リオデジャネイロ五輪・男子個人タイムトライアル、金メダルを獲得し満面の笑みを浮かべるファビアン・カンチェッラーラ Photo: Yuzuru SUNADAリオデジャネイロ五輪・男子個人タイムトライアル、金メダルを獲得し満面の笑みを浮かべるファビアン・カンチェッラーラ Photo: Yuzuru SUNADA

強い風雨をものともしなかったアームストロング

 個人タイムトライアルは、6日の男子ロードレース、7日の女子ロードレースでも使われたグルマリの周回コースが舞台。ポイントとなるのが2カ所の上り。1つ目のグルマリが登坂距離1.3km・平均勾配9.4%・最大勾配24.1%。2つ目のグロタ・フンダの上りが登坂距離が2.13kmで、平均勾配6.8%・最大勾配10.3%。それぞれ上り終えた後には、テクニカルな下りが待ち受ける。

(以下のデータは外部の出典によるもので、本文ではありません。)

lemma word_of_eventually_agrees:
  assumes "0 \<le> x" "x < 1"
  shows "\<forall>\<^sub>F y in at_right x. \<forall>i<n. word_of y i = word_of x i"
proof -
  let ?w = "word_of x"
  define Q where "Q = L \<inter> {v. \<exists>i<n. (\<forall>j<i. v j = ?w j) \<and> ?w i < v i}"
  have near: "\<forall>\<^sub>F y in at_right x. x < y \<and> y < 1"
    using assms(2) by (auto simp: eventually_at_right_field)
  have "\<forall>\<^sub>F y in at_right x. word_of y \<notin> Q"
  proof (cases "Q = {}")
    case False
    have "prefix_closed Q" unfolding Q_def
      by (rule prefix_closed_Int[OF prefix_closed_L prefix_determined_prefix_closed[OF prefix_determined_differ_before]])
    then obtain m where m: "m \<in> Q" "\<And>v. v \<in> Q \<Longrightarrow> lex_le m v"
      using prefix_closed_has_lex_min False by blast
    obtain i where "\<forall>j<i. m j = ?w j" "?w i < m i" using m(1) by (auto simp: Q_def)
    then have "lex_less ?w m" unfolding lex_less_def by (intro exI[of _ i]) auto
    have "x \<le> cdf m"
      using cdf_mono[of ?w m] \<open>lex_less ?w m\<close> cdf_word_of assms by (simp add: lex_le_def)
    moreover have "cdf m \<noteq> x"
    proof
      assume "cdf m = x"
      then have "lex_le m ?w" using le_word_of[of x m] m(1) assms by (simp add: Q_def)
      then show False using \<open>lex_less ?w m\<close> lex_le_less_trans lex_less_irrefl by blast
    qed
    ultimately have "x < cdf m" by simp
    then have "\<forall>\<^sub>F y in at_right x. y < cdf m"
      by (auto simp: eventually_at_right_field)
    with near show ?thesis
    proof eventually_elim
      case (elim y)
      show ?case
      proof
        assume "word_of y \<in> Q"
        then have "cdf m \<le> cdf (word_of y)" using m(2) cdf_mono by blast
        then show False using cdf_word_of[of y] elim assms by simp
      qed
    qed
  qed simp
  with near show ?thesis
  proof eventually_elim
    case (elim y)
    then have "lex_less ?w (word_of y)" using word_of_strict_mono[of x y] assms by simp
    then obtain k where k: "\<forall>j<k. ?w j = word_of y j" "?w k < word_of y k"
      unfolding lex_less_def by blast
    have "\<not> k < n"
    proof
      assume "k < n"
      moreover have "\<forall>j<k. word_of y j = ?w j" using k(1) by simp
      moreover have "word_of y \<in> L" using word_of_in_L[of y] elim assms by simp
      ultimately have "word_of y \<in> Q" using k(2) unfolding Q_def by auto
      then show False using elim by blast
    qed
    with k(1) show ?case by auto
  qed
qed

lemma continuous_at_right_T_L:
  assumes "0 \<le> x" "x < 1" shows "continuous (at_right x) (T_L L M)"
  unfolding continuous_within
proof (rule tendstoI)
  fix e :: real assume "0 < e"
  let ?s = "shft (word_of x)"
  have "?s \<in> L" using shft_in_L word_of_in_L assms by simp
  from order_tendstoD(2)[OF measure_Cyl_take_word_tendsto_0[OF this] \<open>0 < e\<close>]
  obtain n where n: "measure M (Cyl L (take_word ?s n)) < e"
    by (auto simp: eventually_sequentially)
  have "\<forall>\<^sub>F y in at_right x. x < y \<and> y < 1"
    using assms(2) by (auto simp: eventually_at_right_field)
  with word_of_eventually_agrees[OF assms, of "Suc n"]
  show "\<forall>\<^sub>F y in at_right x. dist (T_L L M y) (T_L L M x) < e"
  proof eventually_elim
    case (elim y)
    then have agree: "\<forall>i<Suc n. word_of y i = word_of x i" and "x < y" "y < 1" by auto
    then have "lex_less (word_of x) (word_of y)" using word_of_strict_mono[of x y] assms by simp
    moreover have "word_of x 0 = word_of y 0" using agree by simp
    ultimately have less: "lex_less ?s (shft (word_of y))" by (simp add: shft_lex_less)
    have "\<forall>i<n. shft (word_of y) i = ?s i" using agree by (simp add: shft_def)
    then have "cdf (shft (word_of y)) \<le> cdf ?s + measure M (Cyl L (take_word ?s n))"
      by (rule cdf_le_add_Cyl[OF less])
    moreover have "cdf ?s \<le> cdf (shft (word_of y))" using less cdf_mono lex_le_def by blast
    ultimately show ?case using n by (simp add: T_L_eq dist_real_def)
  qed
qed

lemma word_of_threshold:
  assumes "prefix_closed U" "U \<subseteq> L"
    and up: "\<And>v v'. v \<in> U \<Longrightarrow> v' \<in> L \<Longrightarrow> lex_le v v' \<Longrightarrow> v' \<in> U"
  shows "\<exists>t. 0 \<le> t \<and> t \<le> 1 \<and> (\<forall>x. 0 \<le> x \<longrightarrow> x < 1 \<longrightarrow> (word_of x \<in> U \<longleftrightarrow> t \<le> x))"
proof (cases "U = {}")
  case True then show ?thesis by (intro exI[of _ 1]) auto
next
  case False
  then obtain m where m: "m \<in> U" "\<And>v. v \<in> U \<Longrightarrow> lex_le m v"
    using prefix_closed_has_lex_min[OF assms(1)] by blast
  have "word_of x \<in> U \<longleftrightarrow> cdf m \<le> x" if "0 \<le> x" "x < 1" for x
  proof
    assume "word_of x \<in> U"
    then have "cdf m \<le> cdf (word_of x)" using m(2) cdf_mono by blast
    then show "cdf m \<le> x" using cdf_word_of[of x] that by simp
  next
    assume "cdf m \<le> x"
    have "lex_le m (word_of x)"
    proof (rule ccontr)
      assume "\<not> lex_le m (word_of x)"
      then have "lex_le (word_of x) m" using lex_not_le lex_le_def by blast
      then have "cdf (word_of x) \<le> cdf m" by (rule cdf_mono)
      then have "cdf m = x" using cdf_word_of[of x] that \<open>cdf m \<le> x\<close> by simp
      then have "lex_le m (word_of x)" using le_word_of[of x m] m(1) assms(2) that by auto
      with \<open>\<not> lex_le m (word_of x)\<close> show False by blast
    qed
    then show "word_of x \<in> U" using up[OF m(1)] word_of_in_L[of x] that by simp
  qed
  then show ?thesis using cdf_nonneg cdf_le_1 by blast
qed

lemma I_La_atLeastLessThan: "\<exists>b c. I_La L M a = {b..<c}"
proof -
  have threshold: "\<exists>t. 0 \<le> t \<and> t \<le> 1 \<and> (\<forall>x. 0 \<le> x \<longrightarrow> x < 1 \<longrightarrow> (R (word_of x 0) \<longleftrightarrow> t \<le> x))"
    if "mono R" for R :: "'a \<Rightarrow> bool"
  proof -
    have "prefix_determined 1 {v. R (v 0)}" by (simp add: prefix_determined_def)
    then have "prefix_closed {v\<in>L. R (v 0)}"
      using prefix_closed_Int[OF prefix_closed_L prefix_determined_prefix_closed]
      by (simp add: Collect_conj_eq)
    moreover have "v' \<in> {v\<in>L. R (v 0)}" if "v \<in> {v\<in>L. R (v 0)}" "v' \<in> L" "lex_le v v'" for v v'
      using that monoD[OF \<open>mono R\<close> lex_le_first_letter[OF that(3)]] by auto
    ultimately obtain t where t: "0 \<le> t" "t \<le> 1"
      "\<forall>x. 0 \<le> x \<longrightarrow> x < 1 \<longrightarrow> (word_of x \<in> {v\<in>L. R (v 0)} \<longleftrightarrow> t \<le> x)"
      using word_of_threshold[of "{v\<in>L. R (v 0)}"] by blast
    then show ?thesis using word_of_in_L by (intro exI[of _ t]) auto
  qed
  obtain b where b: "0 \<le> b" "\<forall>x. 0 \<le> x \<longrightarrow> x < 1 \<longrightarrow> (a \<le> word_of x 0 \<longleftrightarrow> b \<le> x)"
    using threshold[of "\<lambda>c. a \<le> c"] order_trans unfolding mono_def le_bool_def by blast
  obtain c where c: "c \<le> 1" "\<forall>x. 0 \<le> x \<longrightarrow> x < 1 \<longrightarrow> (a < word_of x 0 \<longleftrightarrow> c \<le> x)"
    using threshold[of "\<lambda>c. a < c"] order.strict_trans2 unfolding mono_def le_bool_def by blast
  have "x \<in> I_La L M a \<longleftrightarrow> x \<in> {b..<c}" for x
  proof (cases "0 \<le> x \<and> x < 1")
    case True
    have "word_of x 0 = a \<longleftrightarrow> a \<le> word_of x 0 \<and> \<not> a < word_of x 0" by auto
    also have "\<dots> \<longleftrightarrow> b \<le> x \<and> x < c" using b(2) c(2) True by auto
    finally show ?thesis using True by (simp add: I_La_eq)
  next
    case False
    then show ?thesis using b(1) c(1) by (auto simp: I_La_eq)
  qed
  then show ?thesis by blast
qed

text \<open>The words in \<open>(u, v]\<close> all begin with \<open>u 0\<close>, so \<open>\<sigma>\<close> maps them into \<open>(\<sigma> u, \<sigma> v]\<close>;
  invariance turns this inclusion into the inequality.\<close>

lemma cdf_diff_le_shft:
  assumes "shift_invariant M" "u \<in> L" "v \<in> L" "u 0 = v 0" "lex_le u v"
  shows "cdf v - cdf u \<le> cdf (shft v) - cdf (shft u)"
proof -
  let ?B = "lex_atMost L (shft v) - lex_atMost L (shft u)"
  have sub: "lex_atMost L w \<subseteq> lex_atMost L w'" if "lex_le w w'" for w w'
    using that by (auto simp: lex_atMost_def intro: lex_le_trans)
  have B_sets: "?B \<in> sets M" using lex_atMost_sets by blast
  have measurable: "shft \<in> measurable M M"
    and invariant: "emeasure M (shft -` ?B \<inter> space M) = emeasure M ?B"
    using assms(1) B_sets by (auto simp: shift_invariant_def)
  have preimage_sets: "shft -` ?B \<inter> space M \<in> sets M" by (rule measurable_sets[OF measurable B_sets])
  have "lex_atMost L v - lex_atMost L u \<subseteq> shft -` ?B \<inter> space M"
  proof
    fix w assume "w \<in> lex_atMost L v - lex_atMost L u"
    then have w: "w \<in> L" "lex_le w v" "lex_less u w" by (auto simp: lex_atMost_def lex_not_le)
    then have "\<forall>i<1. w i = u i" using lex_between_agrees[of u w v 1] assms(4) by simp
    then have "u 0 = w 0" "w 0 = v 0" using assms(4) by simp_all
    then have "lex_less (shft u) (shft w)" "lex_le (shft w) (shft v)"
      using shft_lex_less w(3) shft_lex_le w(2) by blast+
    then show "w \<in> shft -` ?B \<inter> space M"
      using w(1) shft_in_L by (auto simp: lex_atMost_def space_eq lex_not_le)
  qed
  then have "measure M (lex_atMost L v - lex_atMost L u) \<le> measure M (shft -` ?B \<inter> space M)"
    by (rule finite_measure_mono[OF _ preimage_sets])
  also have "\<dots> = measure M ?B" using invariant by (simp add: measure_def)
  finally show ?thesis
    using finite_measure_Diff[OF lex_atMost_sets lex_atMost_sets sub[OF assms(5)]]
      finite_measure_Diff[OF lex_atMost_sets lex_atMost_sets sub[OF shft_lex_le[OF assms(4,5)]]]
    by (simp add: cdf_def)
qed

lemma T_L_strict_mono_on_I_La:
  assumes "shift_invariant M" shows "strict_mono_on (I_La L M a) (T_L L M)"
proof (rule strict_mono_onI)
  fix x y assume "x \<in> I_La L M a" "y \<in> I_La L M a" "x < y"
  then have xy: "0 \<le> x" "x < y" "y < 1" "word_of x 0 = word_of y 0" by (auto simp: I_La_eq)
  then have "cdf (word_of y) - cdf (word_of x) \<le> cdf (shft (word_of y)) - cdf (shft (word_of x))"
    using word_of_strict_mono[of x y] word_of_in_L[of x] word_of_in_L[of y]
    by (intro cdf_diff_le_shft[OF assms]) (simp_all add: lex_le_def)
  then show "T_L L M x < T_L L M y" using xy cdf_word_of[of x] cdf_word_of[of y] by (simp add: T_L_eq)
qed

end

theorem mainTheorem9:
  fixes L :: "('a::{linorder,finite}) word set" and M :: "'a word measure"
  assumes "is_shift L"
    and "is_borel_prob_on L M"
    and "shift_invariant M"
    and "nonatomic M"
    and "regular_on L M"
    and "\<And>v. Cyl L v \<noteq> {} \<Longrightarrow> measure M (Cyl L v) > 0"
  shows "{0..<1} = (\<Union>a. I_La L M a) \<and> disjoint_family (I_La L M)
    \<and> (\<forall>a. I_La L M a \<noteq> {} \<longrightarrow> (\<exists>b c. b < c \<and> I_La L M a = {b..<c}))
    \<and> (\<forall>x\<in>{0..<1}. continuous (at_right x) (T_L L M))
    \<and> (\<forall>a. strict_mono_on (I_La L M a) (T_L L M))"
proof -
  interpret shift_cdf M L
    using assms by (simp add: shift_cdf_def shift_cdf_axioms_def is_borel_prob_on_def)
  have "{0..<1} = (\<Union>a. I_La L M a)" by (auto simp: I_La_eq)
  moreover have "disjoint_family (I_La L M)" by (auto simp: I_La_eq disjoint_family_on_def)
  moreover have "\<exists>b c. b < c \<and> I_La L M a = {b..<c}" if "I_La L M a \<noteq> {}" for a
  proof -
    obtain b c where "I_La L M a = {b..<c}" using I_La_atLeastLessThan by blast
    with that show ?thesis by auto
  qed
  moreover have "continuous (at_right x) (T_L L M)" if "x \<in> {0..<1}" for x
    using continuous_at_right_T_L that by simp
  ultimately show ?thesis using T_L_strict_mono_on_I_La[OF assms(3)] by blast
qed

end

 さらに、リオデジャネイロ市内は早朝から雨が降り、コースのある海沿いは風も強かったことから、それらコンディションがレースにどのような影響を及ぼすのかも注目されるところとなった。

 19カ国から25人が出場した女子は、グルマリを1周回の29.9kmで争われた。現地時間午前8時30分に第1走者がスタート。1分30秒おきに次々と選手たちがコースへと繰り出した。

優勝争いを制し、五輪3連覇を果たしたクリスティン・アームストロング Photo: Yuzuru SUNADA優勝争いを制し、五輪3連覇を果たしたクリスティン・アームストロング Photo: Yuzuru SUNADA

 そんな中、金メダル争いを繰り広げたのは、最終走者のアームストロングと、前回のロンドン大会でこの種目銅メダルのオルガ・ザベリンスカヤ(ロシア、ビーピンク)の2人。グルマリの頂上に設けられた第1計測ポイント(10km地点)でアームストロングがトップタイムをマークすると、下りと中盤の平坦区間を経て迎えたグロタ・フンダの頂上に設定された第2計測ポイント(19.7km地点)ではザベリンスカヤがトップに立った。

 雨脚が強く、ウェットな路面状況に慎重な走りが求められる中、攻めの姿勢を貫いた両者。テクニカルな下りを終えて、フィニッシュまでの約7kmに及ぶ平坦区間で強さを見せたのはアームストロングだった。先にフィニッシュし、暫定で首位に立っていたザベリンスカヤのタイムを5秒あまり更新。1位であることを確認すると、バイクとともにアスファルト上に倒れこんだ。

 1973年生まれのアームストロングは、長く個人タイムトライアル(TT)スペシャリストとして君臨。五輪では2008年の北京大会で初優勝。出産を経て臨んだ2012年のロンドン大会でも金メダルを獲得。これを機に一度現役を退いたが、2015年に競技復帰を果たし、この五輪3連覇へとつなげた。沖縄県の在日米軍海兵隊施設「キャンプ・フォスター」内に設けられているクバサキ高校出身で、わずかながら日本ともゆかりのある選手だ。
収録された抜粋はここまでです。